Extract Multi-Wavelength Spectroscopy from Archival Data#

Learning Goals#

By the end of this tutorial, you will be able to:

• automatically load a catalog of sources

• search NASA and non-NASA resources for fully reduced spectra and load them using specutils

• store the spectra in a Pandas multiindex dataframe

• plot all the spectra of a given source

Introduction:#

Motivation#

A user has a source (or a sample of sources) for which they want to obtain spectra covering ranges of wavelengths from the UV to the far-IR. The large amount of spectra available enables multi-wavelength spectroscopic studies, which is crucial to understand the physics of stars, galaxies, and AGN. However, gathering and analysing spectra is a difficult endeavor as the spectra are distributed over different archives and in addition they have different formats which complicates their handling. This notebook showcases a tool for the user to conveniently query the spectral archives and collect the spectra for a set of objects in a format that can be read in using common software such as the Python specutils package. For simplicity, we limit the tool to query already reduced and calibrated spectra. The notebook may focus on the COSMOS field for now, which has a large overlap of spectroscopic surveys such as with SDSS, DESI, Keck, HST, JWST, Spitzer, and Herschel. In addition, the tool enables the capability to search and ingest spectra from Euclid and SPHEREx in the feature. For this to work, the specutils functions may have to be update or a wrapper has to be implemented.

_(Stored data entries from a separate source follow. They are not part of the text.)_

(* Let $Z$ be a real Banach space and $f:Z\to\mathbb{R}$ a continuous convex function. Then there exists a unique closed linear subspace $Y_f$ of $Z$ such that, for the quotient space $X_f:=Z/Y_f$ and the natural projection $\pi:Z\to X_f$, the function $f$ can be written as $$f(z)=c(\pi(z))+\ell(z)\quad\text{for all } z\in Z,$$ where $\ell\in Z^*$ and $c:X_f\to[a,\infty)$ is a convex function which is not constant on any line (i.e. there are no $\hat x,\hat v\in X_f$ with $\hat v\neq 0$ and $t\mapsto c(\hat x+t\hat v)$ constant on $\mathbb{R}$), with $a\in c(X_f)$. Moreover, $$Y_f=\{v\in Z: f(z_0+tv)-f(z_0)-\langle \xi_0,tv\rangle=0 \text{ for all } t\in\mathbb{R}\},$$ where $z_0$ is any point of $Z$ and $\xi_0$ is any element of $\partial f(z_0)$.
   Context: For a continuous convex $f$ on a Banach space $Z$ with dual $Z^*$ and duality pairing $\langle\cdot,\cdot\rangle$, $\partial f(x)=\{\xi\in Z^*: f(y)\ge f(x)+\langle\xi,y-x\rangle \text{ for all } y\in Z\}$ (nonempty for every $x$). $Z/Y_f$ carries the quotient norm. *)

theory Defs
  imports "HOL-Analysis.Analysis"
begin

definition dual_space :: "('z::real_normed_vector \<Rightarrow> real) set" where
  "dual_space = {\<xi>. bounded_linear \<xi>}"

definition subdiff :: "('z::real_normed_vector \<Rightarrow> real) \<Rightarrow> 'z \<Rightarrow> ('z \<Rightarrow> real) set" where
  "subdiff f x = {\<xi> \<in> dual_space. \<forall>y. f y \<ge> f x + \<xi> (y - x)}"

text \<open>Quotient space Z/Y realised as the set of cosets z + Y, with the natural projection
  and the induced vector operations.\<close>
definition quot_proj :: "'z::real_vector set \<Rightarrow> 'z \<Rightarrow> 'z set" where
  "quot_proj Y z = (\<lambda>y. z + y) ` Y"

definition quot_space :: "'z::real_vector set \<Rightarrow> 'z set set" where
  "quot_space Y = range (quot_proj Y)"

definition quot_add :: "'z::real_vector set \<Rightarrow> 'z set \<Rightarrow> 'z set \<Rightarrow> 'z set" where
  "quot_add Y A B = quot_proj Y ((SOME a. a \<in> A) + (SOME b. b \<in> B))"

definition quot_scale :: "'z::real_vector set \<Rightarrow> real \<Rightarrow> 'z set \<Rightarrow> 'z set" where
  "quot_scale Y t A = quot_proj Y (t *\<^sub>R (SOME a. a \<in> A))"

definition quot_zero :: "'z::real_vector set \<Rightarrow> 'z set" where
  "quot_zero Y = quot_proj Y 0"

definition quot_convex_on :: "'z::real_vector set \<Rightarrow> ('z set \<Rightarrow> real) \<Rightarrow> bool" where
  "quot_convex_on Y c \<longleftrightarrow>
     (\<forall>A\<in>quot_space Y. \<forall>B\<in>quot_space Y. \<forall>u::real. 0 \<le> u \<and> u \<le> 1 \<longrightarrow>
        c (quot_add Y (quot_scale Y u A) (quot_scale Y (1 - u) B)) \<le> u * c A + (1 - u) * c B)"

definition quot_const_on_some_line :: "'z::real_vector set \<Rightarrow> ('z set \<Rightarrow> real) \<Rightarrow> bool" where
  "quot_const_on_some_line Y c \<longleftrightarrow>
     (\<exists>X\<in>quot_space Y. \<exists>V\<in>quot_space Y. V \<noteq> quot_zero Y \<and>
        (\<exists>k. \<forall>t::real. c (quot_add Y X (quot_scale Y t V)) = k))"

definition decomposes :: "('z::real_normed_vector \<Rightarrow> real) \<Rightarrow> 'z set \<Rightarrow> bool" where
  "decomposes f Y \<longleftrightarrow>
     (\<exists>c l a. l \<in> dual_space \<and>
        quot_convex_on Y c \<and> \<not> quot_const_on_some_line Y c \<and>
        (\<forall>X\<in>quot_space Y. c X \<ge> a) \<and> a \<in> c ` quot_space Y \<and>
        (\<forall>z. f z = c (quot_proj Y z) + l z))"

end

theory Submission
  imports Defs
begin

text \<open>A continuous convex function has a subgradient \<xi> at 0: a convex function vanishing at 0
  has a linear minorant (Hahn-Banach by Zorn's lemma), which continuity makes bounded. Then
  h = f - \<xi> is convex and minimal at 0. A convex function bounded above on a line is constant
  on it, so the directions v with h constant on \<real>v form a closed subspace Y, h is invariant
  under translation by Y, and h is constant on no line whose direction lies outside Y. Hence
  h descends to a convex function on Z/Y that is bounded below, attains its infimum and is
  constant on no line. Conversely, for any such decomposition f = c \<circ> \<pi> + l and any
  \<xi>0 \<in> \<partial>f(z0), the defect f(z0 + tv) - f(z0) - \<xi>0(tv) is nonnegative, and it vanishes
  identically iff c is affine, hence (being bounded below) constant, along \<pi>(z0 + \<real>v),
  i.e. iff v \<in> Y. This characterisation also gives uniqueness.\<close>

section \<open>Linear minorants of convex functions\<close>

text \<open>When g 0 = 0, a maximal dominated subspace of \<open>'a \<times> real\<close> is the graph of a linear
  minorant of g.\<close>

definition dominated_subspace :: "('a::real_vector \<Rightarrow> real) \<Rightarrow> ('a \<times> real) set \<Rightarrow> bool" where
  "dominated_subspace g G \<longleftrightarrow> subspace G \<and> (\<forall>x a. (x, a) \<in> G \<longrightarrow> a \<le> g x)"

lemma dominated_subspace_slope_le:
  fixes g :: "'a::real_vector \<Rightarrow> real"
  assumes cv: "convex_on UNIV g" and G: "dominated_subspace g G"
    and yb: "(y, b) \<in> G" and zc: "(z, c) \<in> G" and s: "s > 0" and t: "t > 0"
  shows "(b - g (y - s *\<^sub>R w)) / s \<le> (g (z + t *\<^sub>R w) - c) / t"
proof -
  define u where "u = s / (s + t)"
  have u: "0 \<le> u" "u \<le> 1" using s t by (auto simp: u_def)
  have sub: "subspace G" using G by (simp add: dominated_subspace_def)
  have "(1 - u) *\<^sub>R (y, b) + u *\<^sub>R (z, c) \<in> G"
    by (intro subspace_add[OF sub] subspace_scale[OF sub] yb zc)
  then have "(1 - u) * b + u * c \<le> g ((1 - u) *\<^sub>R y + u *\<^sub>R z)"
    using G by (simp add: dominated_subspace_def)
  also have "(1 - u) *\<^sub>R y + u *\<^sub>R z = (1 - u) *\<^sub>R (y - s *\<^sub>R w) + u *\<^sub>R (z + t *\<^sub>R w)"
  proof -
    have "u * s + u * t = s" unfolding distrib_left[symmetric] u_def using s t by simp
    then show ?thesis by (simp add: algebra_simps) (metis scaleR_add_left)
  qed
  also have "g \<dots> \<le> (1 - u) * g (y - s *\<^sub>R w) + u * g (z + t *\<^sub>R w)"
    using convex_onD[OF cv u] by simp
  finally have "(1 - u) * b + u * c \<le> (1 - u) * g (y - s *\<^sub>R w) + u * g (z + t *\<^sub>R w)" .
  moreover have "1 - u = t / (s + t)" using s t by (simp add: u_def field_simps)
  ultimately have "(t * b + s * c) / (s + t) \<le> (t * g (y - s *\<^sub>R w) + s * g (z + t *\<^sub>R w)) / (s + t)"
    by (simp add: u_def add_divide_distrib)
  then have "t * b + s * c \<le> t * g (y - s *\<^sub>R w) + s * g (z + t *\<^sub>R w)"
    using s t by (simp add: divide_le_cancel)
  then have "t * (b - g (y - s *\<^sub>R w)) \<le> s * (g (z + t *\<^sub>R w) - c)"
    by (simp add: algebra_simps)
  then show ?thesis
    using s t by (simp add: field_simps mult.commute)
qed

lemma dominated_subspace_slope_exists:
  fixes g :: "'a::real_vector \<Rightarrow> real"
  assumes cv: "convex_on UNIV g" and G: "dominated_subspace g G"
  obtains \<alpha> where "\<And>x a t. (x, a) \<in> G \<Longrightarrow> a + t * \<alpha> \<le> g (x + t *\<^sub>R w)"
proof -
  have G0: "(0, 0) \<in> G"
    using G subspace_0 by (fastforce simp: dominated_subspace_def zero_prod_def)
  txt \<open>Every left difference quotient of g along w lies below every right one, and any
    \<alpha> in between will do; take the supremum of the left ones.\<close>
  define S where "S = {(b - g (y - s *\<^sub>R w)) / s | y b s. (y, b) \<in> G \<and> s > 0}"
  have S_le: "q \<le> (g (z + t *\<^sub>R w) - c) / t" if "q \<in> S" "(z, c) \<in> G" "t > 0" for q z c t
  proof -
    obtain y b s where "q = (b - g (y - s *\<^sub>R w)) / s" "(y, b) \<in> G" "s > 0"
      using \<open>q \<in> S\<close> unfolding S_def by blast
    then show ?thesis using dominated_subspace_slope_le[OF cv G _ that(2) _ that(3)] by blast
  qed
  have "(0 - g (0 - 1 *\<^sub>R w)) / 1 \<in> S"
    unfolding S_def mem_Collect_eq using G0
    by (rule_tac exI[of _ 0], rule_tac exI[of _ 0], rule_tac exI[of _ 1]) simp
  then have S_ne: "S \<noteq> {}" by blast
  have S_bdd: "bdd_above S"
    using S_le[OF _ G0, of _ 1] by (intro bdd_aboveI[of S "g w"]) simp
  have "a + t * Sup S \<le> g (x + t *\<^sub>R w)" if xa: "(x, a) \<in> G" for x a t
  proof (cases t "0::real" rule: linorder_cases)
    case less
    have "(a - g (x - (- t) *\<^sub>R w)) / (- t) \<in> S"
      unfolding S_def mem_Collect_eq using xa less
      by (rule_tac exI[of _ x], rule_tac exI[of _ a], rule_tac exI[of _ "- t"]) simp
    then have "(a - g (x + t *\<^sub>R w)) / (- t) \<le> Sup S"
      using cSup_upper[OF _ S_bdd] by simp
    then show ?thesis using less by (simp add: field_simps)
  next
    case equal
    then show ?thesis using G xa by (simp add: dominated_subspace_def)
  next
    case greater
    have "Sup S \<le> (g (x + t *\<^sub>R w) - a) / t"
      using cSup_least[OF S_ne] S_le[OF _ xa greater] by blast
    then show ?thesis using greater by (simp add: field_simps)
  qed
  then show ?thesis using that by blast
qed

lemma dominated_subspace_extend:
  fixes g :: "'a::real_vector \<Rightarrow> real"
  assumes cv: "convex_on UNIV g" and G: "dominated_subspace g G"
  obtains G' a where "dominated_subspace g G'" "G \<subseteq> G'" "(w, a) \<in> G'"
proof -
  obtain \<alpha> where \<alpha>: "\<And>x a t. (x, a) \<in> G \<Longrightarrow> a + t * \<alpha> \<le> g (x + t *\<^sub>R w)"
    using dominated_subspace_slope_exists[OF cv G] by blast
  have sub: "subspace G" using G by (simp add: dominated_subspace_def)
  define G' where "G' = {p + q |p q. p \<in> G \<and> q \<in> span {(w, \<alpha>)}}"
  have "dominated_subspace g G'"
    unfolding dominated_subspace_def
  proof (intro conjI allI impI)
    show "subspace G'"
      unfolding G'_def by (intro subspace_sums sub subspace_span)
    fix x a assume "(x, a) \<in> G'"
    then obtain y b t where "(y, b) \<in> G" "x = y + t *\<^sub>R w" "a = b + t * \<alpha>"
      by (auto simp: G'_def span_singleton)
    then show "a \<le> g x" using \<alpha> by simp
  qed
  moreover have "G \<subseteq> G'"
  proof
    fix p assume "p \<in> G"
    then show "p \<in> G'"
      unfolding G'_def using span_zero by (intro CollectI exI[of _ p] exI[of _ 0]) simp
  qed
  moreover have "(w, \<alpha>) \<in> G'"
    unfolding G'_def using subspace_0[OF sub] span_base[of "(w, \<alpha>)"]
    by (intro CollectI exI[of _ 0] exI[of _ "(w, \<alpha>)"]) simp
  ultimately show ?thesis using that by blast
qed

List of Spectroscopic Archives and Status#

Archive

Spectra

Description

Access point

Status

IRSA

Keck

About 10,000 spectra on the COSMOS field from Hasinger et al. (2018)

IRSA Archive

Implemented with astroquery.ipac.irsa. (Table gives URLs to spectrum FITS files.) Note: only implemented for absolute calibrated spectra.

IRSA

Spitzer IRS

~17,000 merged low-resolution IRS spectra

IRS Enhanced Product

Implemented with astroquery.ipac.irsa. (Table gives URLs to spectrum IPAC tables.)

IRSA

IRTF*

Large library of stellar spectra

does astroquery.ipac.irsa work??

ESA

Herschel*

Some spectra

astroquery.esa.hsa

implemented with astroquery

IRSA

Euclid

Spectra hosted at IRSA in FY25

Using Q1 Spectra in the red grism (RGS) ingested in FY25, to be updated to DR1

IRSA

SPHEREx

Spectra/cubes will be hosted at IRSA, first release in FY25 -> preparation for ingestion

Will use mock spectra with correct format for testing

MAST

HST*

Slitless spectra would need reduction and extraction. There are some reduced slit spectra from COS in the Hubble Archive

astroquery.mast

Implemented using astroquery.mast

MAST

JWST*

Reduced slit MSA and Slit spectra that can be queried

astroquery.mast

Implemented using astroquery.mast

SDSS

SDSS optical

Optical spectra that are reduced

Sky Server or astroquery.sdss (preferred)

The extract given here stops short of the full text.